Secondly, maintaining good physical fitness and emotionally stable psychic conditions are the best aids in fighting and overcoming stress. To stay in satisfactory condition, people should pay particular attention to physical exercise, eating habits, sleeping patterns, relaxation techniques and leisure activities.

Relaxation techniques are becoming more and more popular among people who feel to be under stress. Massage, yoga, meditation and autogenous training are all useful exercises which help to control restlessness, anxiety, muscular tension, inability to concentrate, insomnia and other symptoms of stress.

6.7 Training

The aim of training is at teaching occupational and particular coping strategies in order to improve the capacity of event appraisal and problem solving, so that ATCs learn how to cope with emotional effects of stressful events and improve the capacity of control. Air traffic controllers should be trained to develop action-oriented and problem-focused coping abilities. Positive acceptance and reappraisal of stress situations, active coping, seeking to social support for instrumental and emotional reasons must be strengthened, while inclination towards restraint coping, behavioural and mental disengagement should be restricted.

6.8 Conclusion

Air traffic controllers are the working groups having to deal with very stressful and tough job and are widely recognized as an occupational group which has to cope with a highly demanding job that involves a complex series of tasks, requiring high levels of knowledge and expertise, combined with high levels of responsibility.

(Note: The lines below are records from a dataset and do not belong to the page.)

(* Let $N \ge 1$, $\tau > 0$, $\beta > 0$, $\eta > 0$, and let $I_1, \dots, I_N > 0$. Consider the dynamical system in the variables $R_1,\dots,R_N, G$: \[ \tau \frac{dR_i}{dt} = -R_i + \frac{\beta R_i + I_i}{\eta + G}, \quad i = 1,\dots,N, \qquad \tau \frac{dG}{dt} = -G + \sum_{j=1}^N R_j . \] Let $T = \sum_{j=1}^N I_j$ and define \[ G^* = \frac{(\beta - \eta) + \sqrt{(\eta-\beta)^2 + 4T}}{2}, \qquad R_i^* = \frac{I_i}{\eta - \beta + G^*}, \quad i=1,\dots,N. \] Then $(R_1^*,\dots,R_N^*,G^* )$ is the unique steady state of the system with $G^*>0$, and it is an attractor: every eigenvalue of the Jacobian of the system at this steady state has strictly negative real part, so the steady state is locally asymptotically stable.
   Context: Here $R_i$ are firing rates of excitatory units, $G$ is the activity of a single inhibitory pool, $I_i$ are external inputs, $\beta$ is the self-excitation strength, $\eta$ is a semi-saturation constant and $\tau$ is a time constant. A steady state is a point where all time derivatives vanish. *)

theory Defs
  imports Complex_Main "HOL-Analysis.Derivative" "Jordan_Normal_Form.Char_Poly"
begin

text \<open>State vector x :: nat \<Rightarrow> real with x i = R_(i+1) for i < N and x N = G.
  The vector field (right-hand side of dx/dt) of the system; coordinates beyond N are unused.\<close>
definition rg_field :: "nat \<Rightarrow> real \<Rightarrow> real \<Rightarrow> real \<Rightarrow> (nat \<Rightarrow> real) \<Rightarrow> (nat \<Rightarrow> real) \<Rightarrow> nat \<Rightarrow> real" where
  "rg_field N \<tau> \<beta> \<eta> I x i =
     (if i < N then (- x i + (\<beta> * x i + I i) / (\<eta> + x N)) / \<tau>
      else if i = N then (- x N + (\<Sum>j<N. x j)) / \<tau>
      else 0)"

definition steady_state :: "nat \<Rightarrow> real \<Rightarrow> real \<Rightarrow> real \<Rightarrow> (nat \<Rightarrow> real) \<Rightarrow> (nat \<Rightarrow> real) \<Rightarrow> bool" where
  "steady_state N \<tau> \<beta> \<eta> I x \<longleftrightarrow> (\<forall>i\<le>N. rg_field N \<tau> \<beta> \<eta> I x i = 0)"

definition jacobian :: "((nat \<Rightarrow> real) \<Rightarrow> nat \<Rightarrow> real) \<Rightarrow> nat \<Rightarrow> (nat \<Rightarrow> real) \<Rightarrow> real mat" where
  "jacobian F n x = mat n n (\<lambda>(i, j). deriv (\<lambda>t. F (x(j := t)) i) (x j))"

end

(*
  At a steady state every R_i equals I_i / (eta - beta + G), so the inhibitory equation
  G = sum_j R_j becomes the quadratic G (G - (beta - eta)) = T, whose only positive root is G*.
  Up to the factor 1/tau, the Jacobian at any state is an arrowhead matrix: diagonal
  a = beta / (eta + G) - 1, last column c_i = -(beta R_i + I_i) / (eta + G)^2, last row
  (1, ..., 1, -1). At the steady state a < 0 and all c_i < 0. An eigenvector either vanishes
  in its last coordinate, and then the eigenvalue is a, or it determines the eigenvalue mu through
  (mu + 1)(mu - a) = sum_i c_i; this quadratic has positive coefficients, so its roots lie in the
  open left half plane.
*)

theory Submission
  imports Defs
begin

lemma pos_root_of_quadratic_iff:
  fixes b T g :: real
  assumes "T > 0"
  shows "g > 0 \<and> g * (g - b) = T \<longleftrightarrow> g = (b + sqrt (b\<^sup>2 + 4 * T)) / 2"
proof -
  define s where "s = sqrt (b\<^sup>2 + 4 * T)"
  have s2: "s\<^sup>2 = b\<^sup>2 + 4 * T" and "s \<ge> 0"
    using assms by (simp_all add: s_def add_nonneg_pos)
  have "\<bar>b\<bar> < s"
    using assms by (simp add: s_def real_less_rsqrt)
  show ?thesis
    unfolding s_def[symmetric]
  proof
    assume g: "g > 0 \<and> g * (g - b) = T"
    then have "g - b > 0"
      using assms by (metis zero_less_mult_pos)
    with g have "2 * g - b \<ge> 0"
      by linarith
    have "(2 * g - b)\<^sup>2 = 4 * (g * (g - b)) + b\<^sup>2"
      by (simp add: power2_eq_square algebra_simps)
    also have "\<dots> = s\<^sup>2"
      using g s2 by simp
    finally have "2 * g - b = s"
      using \<open>2 * g - b \<ge> 0\<close> \<open>s \<ge> 0\<close> by (rule power2_eq_imp_eq)
    then show "g = (b + s) / 2"
      by simp
  next
    assume g: "g = (b + s) / 2"
    have "g > 0"
      using \<open>\<bar>b\<bar> < s\<close> by (simp add: g abs_less_iff)
    moreover have "g * (g - b) = (s\<^sup>2 - b\<^sup>2) / 4"
      by (simp add: g power2_eq_square field_simps)
    ultimately show "g > 0 \<and> g * (g - b) = T"
      using s2 by simp
  qed
qed

lemma quadratic_root_Re_neg:
  fixes z :: complex and p q :: real
  assumes "p > 0" "q > 0" "z\<^sup>2 + p * z + q = 0"
  shows "Re z < 0"
proof -
  have re: "(Re z)\<^sup>2 - (Im z)\<^sup>2 + p * Re z + q = 0" and im: "(2 * Re z + p) * Im z = 0"
    using arg_cong[OF assms(3), of Re] arg_cong[OF assms(3), of Im]
    by (simp_all add: power2_eq_square algebra_simps)
  show ?thesis
  proof (cases "Im z = 0")
    case True
    then have "(Re z)\<^sup>2 + p * Re z + q = 0"
      using re by simp
    then show ?thesis
      using assms(1,2) by (smt (verit) mult_nonneg_nonneg zero_le_power2)
  next
    case False
    then show ?thesis
      using im assms(1) by simp
  qed
qed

According to this research, it can be seen that most of air traffic controllers rate the level of stress as extreme.

Moreover, this level of stress is caused due to several factors such as duration of break that the controllers have, the shift hours they usually worked and the workload. Stress can be due to conflict arising from workplace and private life also. According to survey, 63% of air traffic controllers have conflict arising from workplace and private life. 50% of controllers agreed that stress is caused due to their nature of the job and responsibilities.

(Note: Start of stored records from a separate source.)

lemma card_line_sorted_lists:
  assumes "finite B"
  shows "card (line_sorted_lists B k) \<le> card B choose k"
proof -
  have "inj_on set (line_sorted_lists B k)"
    by (rule inj_onI) (auto simp: line_sorted_lists_def intro: sorted_wrt_key_unique)
  moreover have "set ` line_sorted_lists B k \<subseteq> {C. C \<subseteq> B \<and> card C = k}"
    by (auto simp: line_sorted_lists_def distinct_card dest: sorted_wrt_key_distinct)
  ultimately have "card (line_sorted_lists B k) \<le> card {C. C \<subseteq> B \<and> card C = k}"
    by (intro card_inj_on_le) (auto simp: assms)
  then show ?thesis using n_subsets[OF assms] by simp
qed

lemma increasing_chain_iff:
  "increasing_chain \<omega> ps \<longleftrightarrow> sorted_wrt (\<lambda>p q. fst p < fst q) ps \<and> \<omega> \<in> ordered_along ps"
  unfolding increasing_chain_def ordered_along_def by (induction ps) auto

text \<open>The \<open>L - k + 1\<close> windows of length \<open>k\<close> of a longest chain of length \<open>L\<close> are distinct
  line-sorted lists along which \<open>\<omega>\<close> increases.\<close>
lemma chain_length_le_count_ordered:
  assumes B: "finite B" and k: "k \<ge> 1"
  shows "chain_length B \<omega> \<le> (k - 1) + card {ps \<in> line_sorted_lists B k. \<omega> \<in> ordered_along ps}"
proof -
  obtain ps where ps: "set ps \<subseteq> B" "increasing_chain \<omega> ps" "chain_length B \<omega> = length ps"
    using longest_chain_exists[OF B] .
  show ?thesis
  proof (cases "length ps < k")
    case True then show ?thesis using ps(3) by simp
  next
    case False
    define window where "window m = take k (drop m ps)" for m
    have windows: "window ` {0..length ps - k} \<subseteq> {ps \<in> line_sorted_lists B k. \<omega> \<in> ordered_along ps}"
      using ps(1,2) False
      by (auto simp: window_def line_sorted_lists_def increasing_chain_iff ordered_along_def
          sorted_wrt_take sorted_wrt_drop dest: in_set_takeD in_set_dropD)
    have "inj_on window {0..length ps - k}"
    proof (rule inj_onI)
      fix a b assume ab: "a \<in> {0..length ps - k}" "b \<in> {0..length ps - k}" "window a = window b"
      have hd_window: "hd (window m) = ps ! m" if "m \<le> length ps - k" for m
        using that k False by (simp add: window_def hd_take hd_drop_conv_nth)
      have "ps ! a = ps ! b" using ab hd_window[of a] hd_window[of b] by simp
      moreover have "a < length ps" "b < length ps" using ab k False by auto
      ultimately show "a = b"
        using increasing_chain_distinct[OF ps(2)] by (simp add: nth_eq_iff_index_eq)
    qed
    then have "length ps - k + 1 = card (window ` {0..length ps - k})"
      by (simp add: card_image)
    also have "\<dots> \<le> card {ps \<in> line_sorted_lists B k. \<omega> \<in> ordered_along ps}"
      by (rule card_mono[OF _ windows]) (simp add: finite_line_sorted_lists[OF B])
    finally show ?thesis using ps(3) False by linarith
  qed
qed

Air traffic controllers must be trained to have high stress resistance and must be able to take best decision in difficult condition and on behalf of the pilot. Training should be given in order to improve the capacity of event appraisal and problem solving, so that ATCs learn how to cope with emotional effects of stressful events and improve the capacity of control. Moreover, it is important to have a stress management system in place in the work place to help controllers deal with suffering a loss of separation incident or accident.

Reference:

Professor Glovanni Coasta (1995). Occupational stress and prevention in air traffic control. Institute of Occupational Medicine: University of Verona.